Кряхтя и почесываясь, город принужден строить шоссе к станции железной дороги, которая, после отказа в соглашении, выстроилась где-то необычайно не у места. Прошла дорога и стала возить все дешевле, чем на лошадях; лошадиная езда стала невозможностью, и хотя то, что город и округа возили на лошадях в старину, с проходом дороги не могло увеличиться, но неволя заставляет и для этих маленьких грузов строить шоссе, потому что возить людей и товар по таким местам, где отроду не было никаких дорог, не представляется никакой возможности; и вот из доходов города выламывается нежданно-негаданно куш в сто пятьдесят тысяч рублей. В расходах, кое-как удовлетворявшихся местными средствами, образуется новый, на который еще вчера никто не рассчитывал и который нечем покрыть, так как и прежние едва-едва удовлетворялись. Местное самоуправление, выломив из своих доходов такой куш, вдруг съеживается в удовлетворении самых настоятельных потребностей, только что пробужденных другими, тоже большей частью случайно вторгнувшимися в жизнь явлениями. Положено поэтому закрыть христорождественекое училище, отложить до будущего года проект о водопроводе, уменьшить, сократить, отклонить, отложить. В деятельности городского самоуправления, предположим даже такого, которое одушевлено самыми благими намерениями, внезапное исчезновение такой кучи денег, какая пошла на мостовую, сразу делает прореху, и люди, даже самые лучшие, стоящие впереди этой прорехи, неизбежно должны сознавать ее, чувствовать, что дело их — не дело, а так — вокруг чего-то толкотня, и что покуда не заполнится чем-нибудь эта прореха, все остальные потребности города, еще вчера крайне настоятельные, должны удовлетворяться только обиняками, могут поддерживаться только в переписке, на бумаге, замазываться и размазываться особенно искусно придуманным для выражения несуществующих вещей языком…

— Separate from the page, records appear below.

lemma lebesgue_sets_translation_vimage:
  assumes "S \<in> sets lebesgue"
  shows "{x. x - c \<in> S} \<in> sets lebesgue"
proof -
  have "{x. x - c \<in> S} = (\<lambda>x. c + x) ` (S :: 'a::euclidean_space set)"
    by (auto simp: image_iff algebra_simps) (metis diff_add_cancel)
  then show ?thesis using lebesgue_sets_translation[OF assms] by simp
qed

lemma lebesgue_sets_translation_exit:
  assumes "S \<in> sets lebesgue"
  shows "{x\<in>S. x - z \<notin> S} \<in> sets lebesgue"
proof -
  have "{x\<in>S. x - z \<notin> S} = S - {x. x - z \<in> S}" by auto
  then show ?thesis using assms lebesgue_sets_translation_vimage[OF assms] by auto
qed

lemma perimK_eq_nn_integral_translation_exit:
  fixes S :: "'a::euclidean_space set"
  assumes S: "S \<in> sets borel" and K: "K \<in> borel_measurable lebesgue"
  shows "perimK K S = (1/2) * (\<integral>\<^sup>+z. K z * (emeasure lebesgue {x\<in>S. x - z \<notin> S}
            + emeasure lebesgue {x\<in>S. x + z \<notin> S}) \<partial>lebesgue)"
proof -
  have Sl: "S \<in> sets lebesgue" using S by simp
  define G where "G x z = ennreal \<bar>indicator S x - indicator S (x - z)\<bar> * K z" for x z
  have inner: "(\<integral>\<^sup>+ y. ennreal \<bar>indicator S x - indicator S y\<bar> * K (x - y) \<partial>lebesgue)
      = (\<integral>\<^sup>+ z. G x z \<partial>lebesgue)" for x
  proof -
    have "(\<lambda>y. K (x - y)) \<in> borel_measurable lebesgue"
      using measurable_compose[OF lebesgue_measurable_reflection K] by simp
    then have "(\<lambda>y. ennreal \<bar>indicator S x - indicator S y\<bar> * K (x - y)) \<in> borel_measurable lebesgue"
      using Sl by measurable
    then show ?thesis unfolding G_def by (subst nn_integral_lebesgue_reflection[where x=x]) simp_all
  qed
  have "(\<lambda>p. fst p - snd p) \<in> lebesgue \<Otimes>\<^sub>M (lebesgue :: 'a measure) \<rightarrow>\<^sub>M borel"
    by (intro borel_measurable_diff measurable_compose[OF measurable_fst measurable_completion]
        measurable_compose[OF measurable_snd measurable_completion]) simp_all
  then have "(\<lambda>p. indicator S (fst p - snd p) :: real) \<in> borel_measurable (lebesgue \<Otimes>\<^sub>M lebesgue)"
    using measurable_compose[OF _ borel_measurable_indicator[OF S]] by blast
  then have G: "case_prod G \<in> borel_measurable (lebesgue \<Otimes>\<^sub>M lebesgue)"
    unfolding G_def using Sl K by measurable
  have swap: "(\<integral>\<^sup>+ x. (\<integral>\<^sup>+ z. G x z \<partial>lebesgue) \<partial>lebesgue)
      = (\<integral>\<^sup>+ z. (\<integral>\<^sup>+ x. G x z \<partial>lebesgue) \<partial>lebesgue)"
    using pair_sigma_finite.Fubini'[OF pair_sigma_finite_lebesgue G] by simp
  have slice: "(\<integral>\<^sup>+ x. G x z \<partial>lebesgue) = K z * (emeasure lebesgue {x\<in>S. x - z \<notin> S}
            + emeasure lebesgue {x\<in>S. x + z \<notin> S})" for z
  proof -
    define A where "A = {x\<in>S. x - z \<notin> S}"
    define B where "B = {x. x \<notin> S \<and> x - z \<in> S}"
    have A: "A \<in> sets lebesgue"
      unfolding A_def by (rule lebesgue_sets_translation_exit[OF Sl])
    have "B = {x. x - z \<in> S} - S" by (auto simp: B_def)
    then have B: "B \<in> sets lebesgue" using Sl lebesgue_sets_translation_vimage[OF Sl] by auto
    have "G x z = indicator (A \<union> B) x * K z" for x
      by (auto simp: G_def A_def B_def indicator_def)
    then have "(\<integral>\<^sup>+ x. G x z \<partial>lebesgue) = emeasure lebesgue (A \<union> B) * K z"
      using A B by (simp add: nn_integral_multc)
    moreover have "emeasure lebesgue (A \<union> B) = emeasure lebesgue A + emeasure lebesgue B"
      using A B by (intro plus_emeasure[symmetric]) (auto simp: A_def B_def)
    moreover have "B = (\<lambda>x. x - (-z)) ` {x\<in>S. x + z \<notin> S}"
      by (auto simp: B_def image_iff) (metis diff_add_cancel)
    then have "emeasure lebesgue B = emeasure lebesgue {x\<in>S. x + z \<notin> S}"
      by (simp only: emeasure_lebesgue_translation_subtract)
    ultimately show ?thesis by (simp add: A_def mult.commute)
  qed
  show ?thesis unfolding perimK_def inner swap slice ..
qed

Так отзывается внезапность явления железной дороги на хозяйстве города. На хозяйстве "округи" она отзывается появлением Ивана Кузьмича. До появления дороги у жителя округи, у распоясовского обывателя, было очень мало; все, что у него было, он весьма удобно увозил в город на продажу на своих дровнишках. С появлением дороги размер его имущества не увеличился. Распоясовскому обывателю от нее ни тепло, ни холодно, но Ивану Кузьмичу от нее тепло несомненно. От нее тепло хищнику, тепло человеку, имеющему что-нибудь. Иван Кузьмич, благодаря новому пути, является в глушь и берет то, что есть. У обывателя очень мало; Иван Кузьмич берет у помещика, берет леса, камни, словом — недра, то есть безжалостно расстраивает благосостояние распоясовца, уничтожая, покупая и увозя такие вещи, потеря которых невознаградима. Неудивительно поэтому, если на будущую сессию окружного суда число дел о краже значительно увеличится.

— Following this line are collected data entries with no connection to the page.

text \<open>
  Let \<open>K\<close> be the cut channels. A run of \<open>\<F>\<^sub>2\<close> and a run of \<open>\<F>\<^sub>1\<close> that agree on \<open>K\<close>
  can be spliced: keep the events of the first run on channels outside \<open>LEFT\<^sub>0\<close> and those
  of the second run on \<open>LEFT\<^sub>0 \<union> K\<close>, ordered by the union of the two orders composed with
  itself. As the two orders agree on the common events this is again a partial order, and
  each location sees only one of the two runs, so the splice is an execution of either
  frame. Hence, for a \<open>C\<^sub>o\<close>-run \<open>\<B>\<close> of \<open>\<F>\<^sub>2\<close>, the set of \<open>C\<^sub>s\<close>-runs compatible with \<open>\<B>\<close>
  in \<open>\<F>\<^sub>2\<close> is the union, over the \<open>K\<close>-runs \<open>\<D>\<close> compatible with \<open>\<B>\<close> in \<open>\<F>\<^sub>2\<close>, of the sets
  of \<open>C\<^sub>s\<close>-runs compatible with \<open>\<D>\<close> in \<open>\<F>\<^sub>1\<close>. These are blurred by hypothesis, and a
  blur operator commutes with unions.
\<close>

definition compatible :: "'e sys \<Rightarrow> 'e sys \<Rightarrow> bool" where
  "compatible A A' \<longleftrightarrow>
     snd A \<inter> (fst A \<inter> fst A') \<times> (fst A \<inter> fst A') = snd A' \<inter> (fst A \<inter> fst A') \<times> (fst A \<inter> fst A')"

text \<open>
  A single composition suffices: since compatible orders agree on common events, a path that
  alternates between the two orders can be shortened to two steps (lemma \<open>glue_trans\<close>).
\<close>

definition glue :: "'e sys \<Rightarrow> 'e sys \<Rightarrow> 'e sys" where
  "glue A A' = (fst A \<union> fst A', (snd A \<union> snd A') O (snd A \<union> snd A'))"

Таким образом, кроме городского самоуправления, прореха, благодаря внезапности явления, должна обнаружиться на другой же день по проходе железной дороги еще в двух новых инстанциях. Она, во-первых, обнаружится во всей громадной организации новой железной дороги со всеми бесчисленными ее службами, отделениями и конторами и, во-вторых, задевает отчасти деятельность учреждения, повидимому вовсе к дороге неприкосновенного, именно — нового суда.
До появления Ивана Кузьмича громадная, требующая трехмиллионных расходов организация дороги не делает ровно-таки ничего. Телеграфы ее гудят: "нет, нет, нет…" В отчетах и ведомостях, над которыми сидит не одна сотня народу, проставляется, пишется, докладывается о том, что грузов не было и нет, и весь этот хор, стоящий три миллиона рублей, на разные голоса, разными почерками поет и пишет: "ноль, ноль, ноль; нет, и нет, и нет — и ничего, и ничего, и ничего, не было, не было, не было", — квакают, кудахтают и стонут по конторам, по отделениям и т. п. Тут уж не просто прорехи — тут прямо пустое место, дыра бездонная, вокруг которой стоит масса неплательщиков и получает "за это" чистыми деньгами.

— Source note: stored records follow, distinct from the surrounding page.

text \<open>Let \<open>A, B, C\<close> restrict the complexified \<open>T\<close> to \<open>I\<^sub>r\<close>, with \<open>s\<^sup>2 \<le> r\<close>.
  Arranging the indices below \<open>s\<^sup>2\<close> in an \<open>s \<times> s\<close> grid and summing the \<open>B\<close>'s along rows
  and the \<open>C\<close>'s along columns gives vectors \<open>y\<^sub>v, z\<^sub>w\<close> with
  \<open>T(A\<^sub>a, y\<^sub>v, z\<^sub>w) = [a = v s + w]\<close>, so the \<open>s\<^sup>2\<close> contractions \<open>T(-, y\<^sub>v, z\<^sub>w)\<close> are
  linearly independent.  Replacing \<open>y, z\<close> by \<open>Re + t Im\<close> for real \<open>t\<close> makes the determinant
  of this pairing matrix a polynomial in \<open>t\<close> that equals \<open>1\<close> at \<open>t = \<i>\<close>, hence is nonzero at
  some real \<open>t\<close>.  There a family dual to the contractions picks out the diagonal ones
  \<open>T(-, y\<^sub>u, z\<^sub>u)\<close>; its real part, together with the now real \<open>y, z\<close>, restricts \<open>T\<close> to
  \<open>I\<^sub>s\<close>.\<close>

definition trilinear_form ::
  "nat \<Rightarrow> nat \<Rightarrow> nat \<Rightarrow> (nat \<Rightarrow> nat \<Rightarrow> nat \<Rightarrow> 'a::comm_ring_1)
    \<Rightarrow> (nat \<Rightarrow> 'a) \<Rightarrow> (nat \<Rightarrow> 'a) \<Rightarrow> (nat \<Rightarrow> 'a) \<Rightarrow> 'a" where
  "trilinear_form n1 n2 n3 T x y z = (\<Sum>i<n1. \<Sum>j<n2. \<Sum>k<n3. x i * y j * z k * T i j k)"

lemma restricts_to_unit_iff:
  "restricts_to_unit n1 n2 n3 T r \<longleftrightarrow>
    (\<exists>A B C. \<forall>a<r. \<forall>b<r. \<forall>c<r.
       trilinear_form n1 n2 n3 T (A a) (B b) (C c) = (if a = b \<and> b = c then 1 else 0))"
  unfolding restricts_to_unit_def trilinear_form_def ..

lemma trilinear_form_sum_left:
  "finite S \<Longrightarrow> trilinear_form n1 n2 n3 T (\<lambda>i. \<Sum>a\<in>S. f a * x a i) y z
     = (\<Sum>a\<in>S. f a * trilinear_form n1 n2 n3 T (x a) y z)"
  unfolding trilinear_form_def
  by (simp add: sum_distrib_left sum_distrib_right mult.assoc sum.swap[of _ S])

lemma trilinear_form_sum_middle:
  "finite S \<Longrightarrow> trilinear_form n1 n2 n3 T x (\<lambda>j. \<Sum>b\<in>S. y b j) z
     = (\<Sum>b\<in>S. trilinear_form n1 n2 n3 T x (y b) z)"
  unfolding trilinear_form_def
  by (simp add: sum_distrib_left sum_distrib_right mult.assoc sum.swap[of _ S])

lemma trilinear_form_sum_right:
  "finite S \<Longrightarrow> trilinear_form n1 n2 n3 T x y (\<lambda>k. \<Sum>c\<in>S. z c k)
     = (\<Sum>c\<in>S. trilinear_form n1 n2 n3 T x y (z c))"
  unfolding trilinear_form_def
  by (simp add: sum_distrib_left sum_distrib_right mult.assoc sum.swap[of _ S])

lemma poly_trilinear_form:
  "poly (trilinear_form n1 n2 n3 T x y z) t =
     trilinear_form n1 n2 n3 (\<lambda>i j k. poly (T i j k) t)
       (\<lambda>i. poly (x i) t) (\<lambda>j. poly (y j) t) (\<lambda>k. poly (z k) t)"
  unfolding trilinear_form_def by (simp add: poly_sum)

lemma Re_trilinear_form_of_real:
  "Re (trilinear_form n1 n2 n3 (\<lambda>i j k. of_real (T i j k)) x (\<lambda>j. of_real (y j)) (\<lambda>k. of_real (z k)))
     = trilinear_form n1 n2 n3 T (\<lambda>i. Re (x i)) y z"
  unfolding trilinear_form_def by simp

lemma det_zero_row:
  assumes "A \<in> carrier_mat n n" "k < n" "\<And>j. j < n \<Longrightarrow> A $$ (k, j) = 0"
  shows "det A = 0"
proof -
  have "(\<Prod>i = 0..<n. A $$ (i, p i)) = 0" if "p permutes {0..<n}" for p
    using assms that by (intro prod_zero bexI[of _ k]) (auto simp: permutes_in_image)
  then show ?thesis
    using assms(1) by (simp add: det_def')
qed

lemma restricts_to_unit_le_dim:
  fixes T :: "nat \<Rightarrow> nat \<Rightarrow> nat \<Rightarrow> 'a::field"
  assumes "restricts_to_unit n1 n2 n3 T r"
  shows "r \<le> n1"
proof (rule ccontr)
  assume "\<not> r \<le> n1"
  then have "n1 < r" by simp
  from assms obtain A B C where unit: "\<forall>a<r. \<forall>b<r. \<forall>c<r.
      trilinear_form n1 n2 n3 T (A a) (B b) (C c) = (if a = b \<and> b = c then 1 else 0)"
    unfolding restricts_to_unit_iff by blast
  define M where "M = mat r r (\<lambda>(a, i). if i < n1 then A a i else 0)"
  define N where "N = mat r r (\<lambda>(i, b). if i < n1 then
      (\<Sum>c<r. \<Sum>j<n2. \<Sum>k<n3. B b j * C c k * T i j k) else 0)"
  have M: "M \<in> carrier_mat r r" and N: "N \<in> carrier_mat r r"
    by (simp_all add: M_def N_def)
  have "M * N = 1\<^sub>m r"
  proof (rule eq_matI)
    fix a b assume "a < dim_row (1\<^sub>m r)" "b < dim_col (1\<^sub>m r)"
    then have ab: "a < r" "b < r" by simp_all
    have "(M * N) $$ (a, b) = (\<Sum>i<r. if i < n1 then
        A a i * (\<Sum>c<r. \<Sum>j<n2. \<Sum>k<n3. B b j * C c k * T i j k) else 0)"
      using ab by (auto simp: M_def N_def scalar_prod_def lessThan_atLeast0 intro!: sum.cong)
    also have "\<dots> = (\<Sum>i<n1. A a i * (\<Sum>c<r. \<Sum>j<n2. \<Sum>k<n3. B b j * C c k * T i j k))"
      using \<open>n1 < r\<close> by (intro sum.mono_neutral_cong_right) auto
    also have "\<dots> = (\<Sum>c<r. trilinear_form n1 n2 n3 T (A a) (B b) (C c))"
      unfolding trilinear_form_def sum_distrib_left
      by (subst sum.swap) (simp add: mult.assoc)
    also have "\<dots> = 1\<^sub>m r $$ (a, b)"
      using unit ab by simp
    finally show "(M * N) $$ (a, b) = 1\<^sub>m r $$ (a, b)" .
  qed (simp_all add: M_def N_def)
  then have "det M * det N = 1"
    using det_mult[OF M N] by simp
  moreover have "det N = 0"
    using \<open>n1 < r\<close> by (intro det_zero_row[OF N]) (auto simp: N_def)
  ultimately show False by simp
qed

lemma
  fixes T :: "nat \<Rightarrow> nat \<Rightarrow> nat \<Rightarrow> 'a::field"
  shows restricts_to_unit_subrank: "restricts_to_unit n1 n2 n3 T (subrank n1 n2 n3 T)"
    and restricts_to_unit_le_subrank: "restricts_to_unit n1 n2 n3 T r \<Longrightarrow> r \<le> subrank n1 n2 n3 T"
proof -
  let ?R = "{r. restricts_to_unit n1 n2 n3 T r}"
  have "finite ?R"
    by (rule finite_subset[of _ "{..n1}"]) (auto dest: restricts_to_unit_le_dim)
  moreover have "0 \<in> ?R"
    by (simp add: restricts_to_unit_def)
  ultimately show "restricts_to_unit n1 n2 n3 T (subrank n1 n2 n3 T)"
    and "restricts_to_unit n1 n2 n3 T r \<Longrightarrow> r \<le> subrank n1 n2 n3 T"
    unfolding subrank_def using Max_in[of ?R] by auto
qed

lemma floor_sqrt_of_nat: "\<lfloor>sqrt (real n)\<rfloor> = int (floor_sqrt n)"
proof (rule floor_unique)
  have "real (floor_sqrt n ^ 2) \<le> real n"
    by (simp only: of_nat_le_iff floor_sqrt_power2_le)
  then show "real_of_int (int (floor_sqrt n)) \<le> sqrt (real n)"
    by (simp add: real_le_rsqrt)
  have "real n < real (Suc (floor_sqrt n) ^ 2)"
    by (simp only: of_nat_less_iff Suc_floor_sqrt_power2_gt)
  then have "real n < (real (floor_sqrt n) + 1) ^ 2"
    by (simp add: add.commute)
  then have "sqrt (real n) < sqrt ((real (floor_sqrt n) + 1) ^ 2)"
    by (simp only: real_sqrt_less_iff)
  then show "sqrt (real n) < real_of_int (int (floor_sqrt n)) + 1"
    by simp
qed

lemma pair_index_less:
  fixes v w s :: nat
  assumes "v < s" "w < s"
  shows "v * s + w < s * s"
proof -
  have "v * s + w < (v + 1) * s"
    using assms by simp
  also have "\<dots> \<le> s * s"
    using assms by (intro mult_right_mono) auto
  finally show ?thesis .
qed

lemma pair_index_eq_iff:
  fixes v v' w w' s :: nat
  assumes "w < s" "w' < s"
  shows "v * s + w = v' * s + w' \<longleftrightarrow> v = v' \<and> w = w'"
proof
  assume "v * s + w = v' * s + w'"
  then have "(v * s + w) div s = (v' * s + w') div s" "(v * s + w) mod s = (v' * s + w') mod s"
    by simp_all
  then show "v = v' \<and> w = w'"
    using assms by simp
qed simp

lemma trilinear_form_block_sums:
  fixes T :: "nat \<Rightarrow> nat \<Rightarrow> nat \<Rightarrow> 'a::comm_ring_1" and A B C :: "nat \<Rightarrow> nat \<Rightarrow> 'a"
  assumes unit: "\<And>a b c. a < r \<Longrightarrow> b < r \<Longrightarrow> c < r \<Longrightarrow>
      trilinear_form n1 n2 n3 T (A a) (B b) (C c) = (if a = b \<and> b = c then 1 else 0)"
    and "s * s \<le> r" "a < r" "v < s" "w < s"
  shows "trilinear_form n1 n2 n3 T (A a)
      (\<lambda>j. \<Sum>w'<s. B (v * s + w') j) (\<lambda>k. \<Sum>v'<s. C (v' * s + w) k)
    = (if a = v * s + w then 1 else 0)"
proof -
  have "trilinear_form n1 n2 n3 T (A a)
      (\<lambda>j. \<Sum>w'<s. B (v * s + w') j) (\<lambda>k. \<Sum>v'<s. C (v' * s + w) k)
    = (\<Sum>w'<s. \<Sum>v'<s. trilinear_form n1 n2 n3 T (A a) (B (v * s + w')) (C (v' * s + w)))"
    by (simp add: trilinear_form_sum_middle trilinear_form_sum_right)
  also have "\<dots> = (\<Sum>w'<s. \<Sum>v'<s.
      if v' = v then if w' = w then if a = v * s + w then 1 else 0 else 0 else 0)"
  proof (intro sum.cong refl)
    fix w' v' assume "w' \<in> {..<s}" "v' \<in> {..<s}"
    then have "v * s + w' < r" "v' * s + w < r"
      using assms pair_index_less[of v s w'] pair_index_less[of v' s w] by auto
    then show "trilinear_form n1 n2 n3 T (A a) (B (v * s + w')) (C (v' * s + w))
        = (if v' = v then if w' = w then if a = v * s + w then 1 else 0 else 0 else 0)"
      using assms \<open>w' \<in> {..<s}\<close> by (auto simp: unit pair_index_eq_iff)
  qed
  also have "\<dots> = (if a = v * s + w then 1 else 0)"
    using assms by simp
  finally show ?thesis .
qed

text \<open>Rows are indexed by pairs \<open>(v, w)\<close> with \<open>v, w < s\<close>, encoded as \<open>v * s + w\<close>.\<close>

definition contraction_mat ::
  "nat \<Rightarrow> nat \<Rightarrow> nat \<Rightarrow> (nat \<Rightarrow> nat \<Rightarrow> nat \<Rightarrow> 'a::comm_ring_1)
    \<Rightarrow> (nat \<Rightarrow> nat \<Rightarrow> 'a) \<Rightarrow> (nat \<Rightarrow> nat \<Rightarrow> 'a) \<Rightarrow> (nat \<Rightarrow> nat \<Rightarrow> 'a) \<Rightarrow> nat \<Rightarrow> 'a mat" where
  "contraction_mat n1 n2 n3 T A y z s = mat (s * s) (s * s)
     (\<lambda>(p, a). trilinear_form n1 n2 n3 T (A a) (y (p div s)) (z (p mod s)))"

lemma contraction_mat_carrier: "contraction_mat n1 n2 n3 T A y z s \<in> carrier_mat (s * s) (s * s)"
  by (simp add: contraction_mat_def)

lemma contraction_mat_entry:
  assumes "a < s * s" "v < s" "w < s"
  shows "contraction_mat n1 n2 n3 T A y z s $$ (v * s + w, a) = trilinear_form n1 n2 n3 T (A a) (y v) (z w)"
  using assms pair_index_less[of v s w] by (simp add: contraction_mat_def)

lemma diagonal_dual_of_det_contraction_mat:
  fixes T :: "nat \<Rightarrow> nat \<Rightarrow> nat \<Rightarrow> 'a::field"
  assumes "det (contraction_mat n1 n2 n3 T A y z s) \<noteq> 0"
  obtains X where "\<And>u v w. u < s \<Longrightarrow> v < s \<Longrightarrow> w < s \<Longrightarrow>
    trilinear_form n1 n2 n3 T (X u) (y v) (z w) = (if u = v \<and> v = w then 1 else 0)"
proof -
  let ?N = "contraction_mat n1 n2 n3 T A y z s"
  obtain N' where N': "N' \<in> carrier_mat (s * s) (s * s)" "?N * N' = 1\<^sub>m (s * s)"
    using det_non_zero_imp_unit[OF contraction_mat_carrier assms, of undefined]
    by (auto simp: Units_def ring_mat_def)
  define X where "X u i = (\<Sum>a<s * s. N' $$ (a, u * s + u) * A a i)" for u i
  show ?thesis
  proof (rule that)
    fix u v w assume uvw: "u < s" "v < s" "w < s"
    then have idx: "v * s + w < s * s" "u * s + u < s * s"
      by (simp_all add: pair_index_less)
    have "trilinear_form n1 n2 n3 T (X u) (y v) (z w)
        = (\<Sum>a<s * s. N' $$ (a, u * s + u) * trilinear_form n1 n2 n3 T (A a) (y v) (z w))"
      unfolding X_def by (simp add: trilinear_form_sum_left)
    also have "\<dots> = (\<Sum>a<s * s. N' $$ (a, u * s + u) * ?N $$ (v * s + w, a))"
      using uvw by (intro sum.cong) (simp_all add: contraction_mat_entry)
    also have "\<dots> = (?N * N') $$ (v * s + w, u * s + u)"
      using idx N'(1)
      by (simp add: contraction_mat_def scalar_prod_def lessThan_atLeast0 mult.commute)
    also have "\<dots> = (if u = v \<and> v = w then 1 else 0)"
      using N'(2) idx uvw pair_index_eq_iff[of w s u v u] by auto
    finally show "trilinear_form n1 n2 n3 T (X u) (y v) (z w) = (if u = v \<and> v = w then 1 else 0)" .
  qed
qed

lemma restricts_to_unit_of_complex_diagonal:
  fixes T :: "nat \<Rightarrow> nat \<Rightarrow> nat \<Rightarrow> real" and X :: "nat \<Rightarrow> nat \<Rightarrow> complex"
  assumes "\<And>u v w. u < s \<Longrightarrow> v < s \<Longrightarrow> w < s \<Longrightarrow>
    trilinear_form n1 n2 n3 (\<lambda>i j k. of_real (T i j k)) (X u)
      (\<lambda>j. of_real (y v j)) (\<lambda>k. of_real (z w k)) = (if u = v \<and> v = w then 1 else 0)"
  shows "restricts_to_unit n1 n2 n3 T s"
  unfolding restricts_to_unit_iff
proof (rule exI[of _ "\<lambda>u i. Re (X u i)"], rule exI[of _ y], rule exI[of _ z], intro allI impI)
  fix u v w assume "u < s" "v < s" "w < s"
  then show "trilinear_form n1 n2 n3 T (\<lambda>i. Re (X u i)) (y v) (z w) = (if u = v \<and> v = w then 1 else 0)"
    using assms[of u v w] by (simp flip: Re_trilinear_form_of_real)
qed

lemma det_map_mat_poly: "det (map_mat (\<lambda>q. poly q x) P) = poly (det P) x"
proof -
  interpret comm_ring_hom "\<lambda>q. poly q x"
    by unfold_locales auto
  show ?thesis
    by simp
qed

lemma poly_nonzero_at_some_real:
  fixes p :: "'a::{idom, real_algebra_1} poly"
  assumes "p \<noteq> 0"
  obtains t :: real where "poly p (of_real t) \<noteq> 0"
proof -
  have "\<not> range (of_real :: real \<Rightarrow> 'a) \<subseteq> {x. poly p x = 0}"
  proof
    assume "range (of_real :: real \<Rightarrow> 'a) \<subseteq> {x. poly p x = 0}"
    then have "finite (range (of_real :: real \<Rightarrow> 'a))"
      using poly_roots_finite[OF assms] by (rule finite_subset)
    moreover have "inj (of_real :: real \<Rightarrow> 'a)"
      by (simp add: inj_def)
    ultimately show False
      using finite_imageD infinite_UNIV_char_0 by blast
  qed
  then show ?thesis
    using that by blast
qed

В таком положении находится "дело" до появления Ивана Кузьмича. С появлением же этого оживителя глухих местностей дорога начинает работать: "лес, лес, лес", — начинают гудеть телеграфы… "Лес, лес, лес", — проставляют и записывают в ведомостях, в отчетах, в книгах и бумагах… "Лес, лес, лес", — бежит по всей линии, наполняет все вагоны до тех пор, пока вдруг не прекратится этот "груз" под топором Ляпунова Ивана Кузьмича и не побежит по всей линии из-под его лопаты уголь или камень. То, что дорога с появлением Ивана Кузьмича "начала работать", это не подлежит никакому сомнению, так как уже известно, что, благодаря этой работе дороги, у распоясовского обывателя появилось одно время до восьмидесяти копеек серебром чистыми деньгами; но несмотря на несомненность "работы", едва ли такая работа может связать с собою интеллигентные силы неплательщиков, так как если, благодаря Ивану Кузьмичу, и нельзя уже назвать ее дела пустым местом, то язвою и раною не назвать невозможно.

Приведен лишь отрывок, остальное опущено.